В трубке хмуро отозвался жестяной, царапающий голос:

– Доброе утро.

Верлен удивилась, но с вопросами решила подождать. Попросила зайти.

Через пару минут на пороге воздвиглась ледяная глыба – Шамблен был сердит. Майя вопросительно подняла бровь:

– Чем недоволен? Неприятности?

Анри, не глядя на директора, тяжело опустился за стол:

– Я не понял: мы же договорились, что ты будешь очень осмотрительна, ведь так?

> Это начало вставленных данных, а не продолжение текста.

(* Let $r,K,\alpha,\phi,c,m_1,m_2,\lambda,a,d,\delta,\gamma,\sigma,\eta$ be positive constants with $\phi<1$ and $m_1>m_2$, and consider the system \[ \begin{cases} \dot X = rX\left(1-\frac{X}{K}\right)-\frac{\alpha XS}{c+X}-\frac{\phi\alpha XI}{c+X},\\[1mm] \dot S = \frac{m_1\alpha XS}{c+X}-\frac{\lambda AS}{a+A}-dS,\\[1mm] \dot I = \frac{m_2\phi\alpha XI}{c+X}+\frac{\lambda AS}{a+A}-(d+\delta)I,\\[1mm] \dot A = \gamma+\sigma(S+I)-\eta A. \end{cases} \] The pest-free equilibrium $E_1=(K,0,0,\gamma/\eta)$ is (locally) stable if \[ \frac{m_1\alpha K}{c+K}<\frac{\lambda\gamma}{a\eta+\gamma}+d\quad\text{and}\quad \frac{m_2\phi\alpha K}{c+K}<d+\delta, \] and unstable if \[ \frac{m_1\alpha K}{c+K}>\frac{\lambda\gamma}{a\eta+\gamma}+d\quad\text{or}\quad \frac{m_2\phi\alpha K}{c+K}>d+\delta. \] *)

theory Defs
  imports "HOL-Analysis.Analysis"
begin

definition is_solution_on :: "('a::real_normed_vector \<Rightarrow> 'a) \<Rightarrow> (real \<Rightarrow> 'a) \<Rightarrow> real \<Rightarrow> bool" where
  "is_solution_on F x T \<longleftrightarrow>
     (\<forall>t\<in>{0..T}. (x has_vector_derivative F (x t)) (at t within {0..T}))"

definition lyapunov_stable :: "('a::real_normed_vector \<Rightarrow> 'a) \<Rightarrow> 'a \<Rightarrow> bool" where
  "lyapunov_stable F e \<longleftrightarrow>
     (\<forall>\<epsilon>>0. \<exists>\<delta>>0. \<forall>x T. T \<ge> 0 \<and> is_solution_on F x T \<and> dist (x 0) e < \<delta>
        \<longrightarrow> (\<forall>t\<in>{0..T}. dist (x t) e < \<epsilon>))"

definition locally_attracting :: "('a::real_normed_vector \<Rightarrow> 'a) \<Rightarrow> 'a \<Rightarrow> bool" where
  "locally_attracting F e \<longleftrightarrow>
     (\<exists>\<delta>>0. \<forall>x. (\<forall>T\<ge>0. is_solution_on F x T) \<and> dist (x 0) e < \<delta>
        \<longrightarrow> (x \<longlongrightarrow> e) at_top)"

definition locally_asymptotically_stable :: "('a::real_normed_vector \<Rightarrow> 'a) \<Rightarrow> 'a \<Rightarrow> bool" where
  "locally_asymptotically_stable F e \<longleftrightarrow> lyapunov_stable F e \<and> locally_attracting F e"

definition unstable_equilibrium :: "('a::real_normed_vector \<Rightarrow> 'a) \<Rightarrow> 'a \<Rightarrow> bool" where
  "unstable_equilibrium F e \<longleftrightarrow> \<not> lyapunov_stable F e"

definition pest_field ::
  "real \<Rightarrow> real \<Rightarrow> real \<Rightarrow> real \<Rightarrow> real \<Rightarrow> real \<Rightarrow> real \<Rightarrow> real \<Rightarrow> real \<Rightarrow> real \<Rightarrow> real \<Rightarrow> real
   \<Rightarrow> real \<Rightarrow> real \<Rightarrow> real^4 \<Rightarrow> real^4" where
  "pest_field r K \<alpha> \<phi> c m1 m2 lam a d \<delta> \<gamma> \<sigma> \<eta> u =
     (let X = u$1; S = u$2; I = u$3; A = u$4 in
      vector [ r * X * (1 - X / K) - \<alpha> * X * S / (c + X) - \<phi> * \<alpha> * X * I / (c + X),
               m1 * \<alpha> * X * S / (c + X) - lam * A * S / (a + A) - d * S,
               m2 * \<phi> * \<alpha> * X * I / (c + X) + lam * A * S / (a + A) - (d + \<delta>) * I,
               \<gamma> + \<sigma> * (S + I) - \<eta> * A ])"

end

(*
  At E1 the Jacobian of the field is block triangular, with diagonal entries -r, -eta and the
  per-capita growth rates s = m1 alpha K/(c+K) - lam gamma/(a eta + gamma) - d of S and
  i = m2 phi alpha K/(c+K) - (d + delta) of I.

  If s < 0 and i < 0, a diagonal quadratic form in u - E1, with weights on S and I large enough
  to absorb the off-diagonal couplings, is a strict Lyapunov function of the linearisation.  Since
  the field differs from its linearisation by o(|u - E1|), the form decays exponentially along
  solutions near E1, which gives stability and attractivity.

  If s > 0, the S-coordinate of a solution starting on the S-axis near E1 grows exponentially as
  long as the solution stays near E1, so it must leave; if i > 0, the same happens to I on the
  I-axis, where S stays 0.  The solutions needed for this are obtained by Picard iteration for the
  field truncated outside a ball, which is globally Lipschitz.
*)
theory Submission
  imports Defs
begin

section \<open>Differential inequalities\<close>

lemma first_crossing_time:
  fixes f :: "real \<Rightarrow> real"
  assumes cont: "continuous_on {0..T} f" and f0: "f 0 < e" and t: "t \<in> {0..T}" "e \<le> f t"
  obtains t1 where "t1 \<in> {0..T}" "f t1 = e" "\<forall>s\<in>{0..t1}. f s \<le> e"
proof -
  define A where "A = {0..T} \<inter> f -` {e..}"
  have "closed A" unfolding A_def by (intro continuous_closed_preimage cont) auto
  moreover have "bounded A" unfolding A_def by (rule bounded_subset[of "{0..T}"]) auto
  ultimately have "compact A" using compact_eq_bounded_closed by blast
  moreover have "A \<noteq> {}" using t by (auto simp: A_def)
  ultimately obtain t1 where t1: "t1 \<in> A" "\<forall>s\<in>A. t1 \<le> s" using compact_attains_inf by blast
  have t1T: "t1 \<in> {0..T}" "e \<le> f t1" using t1 by (auto simp: A_def)
  have below: "f s < e" if "s \<in> {0..T}" "s < t1" for s
    using t1(2) that by (auto simp: A_def not_le[symmetric])
  have "\<exists>s\<ge>0. s \<le> t1 \<and> f s = e"
    by (rule IVT') (use f0 t1T in \<open>auto intro: continuous_on_subset[OF cont]\<close>)
  then obtain s where s: "0 \<le> s" "s \<le> t1" "f s = e" by blast
  then have "f t1 = e" using below[of s] t1T by fastforce
  moreover have "\<forall>s\<in>{0..t1}. f s \<le> e"
    using below calculation t1T by (force simp: le_less)
  ultimately show thesis using that t1T by blast
qed

lemma derivative_ge_imp_exp_lower_bound:
  fixes w :: "real \<Rightarrow> real"
  assumes deriv: "\<And>t. t \<in> {0..T} \<Longrightarrow> (w has_real_derivative w' t) (at t within {0..T})"
    and ge: "\<And>t. t \<in> {0..T} \<Longrightarrow> k * w t \<le> w' t" and t: "t \<in> {0..T}"
  shows "w 0 * exp (k * t) \<le> w t"
proof -
  define p where "p s = w s * exp (- k * s)" for s
  have p_deriv: "(p has_real_derivative (w' s - k * w s) * exp (- k * s)) (at s within {0..T})"
    if "s \<in> {0..T}" for s
    unfolding p_def using deriv[OF that] by (auto intro!: derivative_eq_intros simp: algebra_simps)
  have "continuous_on {0..T} p"
    unfolding continuous_on_eq_continuous_within using p_deriv DERIV_continuous by blast
  then have "continuous_on {0..t} p" by (rule continuous_on_subset) (use t in auto)
  then have "p 0 \<le> p t"
  proof (rule DERIV_nonneg_imp_increasing_open[of 0 t p, rotated 2])
    fix s assume s: "0 < s" "s < t"
    then have "at s within {0..T} = at s" using t by (intro at_within_Icc_at) auto
    then have "(p has_real_derivative (w' s - k * w s) * exp (- k * s)) (at s)"
      using p_deriv[of s] s t by simp
    moreover have "(w' s - k * w s) * exp (- k * s) \<ge> 0" using ge[of s] s t by simp
    ultimately show "\<exists>y. (p has_real_derivative y) (at s) \<and> 0 \<le> y" by blast
  qed (use t in simp)
  then have "w 0 * exp (k * t) \<le> w t * exp (- k * t) * exp (k * t)" by (simp add: p_def)
  also have "\<dots> = w t" by (simp add: mult.assoc flip: exp_add)
  finally show ?thesis .
qed

lemma derivative_le_imp_exp_upper_bound:
  fixes w :: "real \<Rightarrow> real"
  assumes "\<And>t. t \<in> {0..T} \<Longrightarrow> (w has_real_derivative w' t) (at t within {0..T})"
    and "\<And>t. t \<in> {0..T} \<Longrightarrow> w' t \<le> k * w t" and "t \<in> {0..T}"
  shows "w t \<le> w 0 * exp (k * t)"
proof -
  have "- w 0 * exp (k * t) \<le> - w t"
    by (rule derivative_ge_imp_exp_lower_bound[where w' = "\<lambda>t. - w' t" and T = T])
      (use assms in \<open>auto intro: DERIV_minus\<close>)
  then show ?thesis by simp
qed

Верлен моментально сообразила, в чём дело, и несколько секунд лихорадочно придумывала оправдания. Но в голове было звонко и пусто, поэтому просто согласилась:

– Так.

Заместитель потёр лоб, потом повернулся и посмотрел в упор:

– Почему её машина всю ночь стояла около твоего дома? И почему она стоит там сейчас, когда ты здесь? И почему опять не включена сигнализация?

Верлен подняла глаза в потолок, на котором переливались блики от бегущей внизу Невы. И над ней, утомлённой рекой, тугой, солнечной, пригрезилась длинная вязь чугунных дуг, на которой замерло сердце: вот-вот оттолкнётся правой ногой, кинется, вытянувшись карминовым росчерком, но поймают ли его упругие ладони той, оставшейся в ворохе смятых подушек и простыней?.. Что тут скажешь? Улыбнулась.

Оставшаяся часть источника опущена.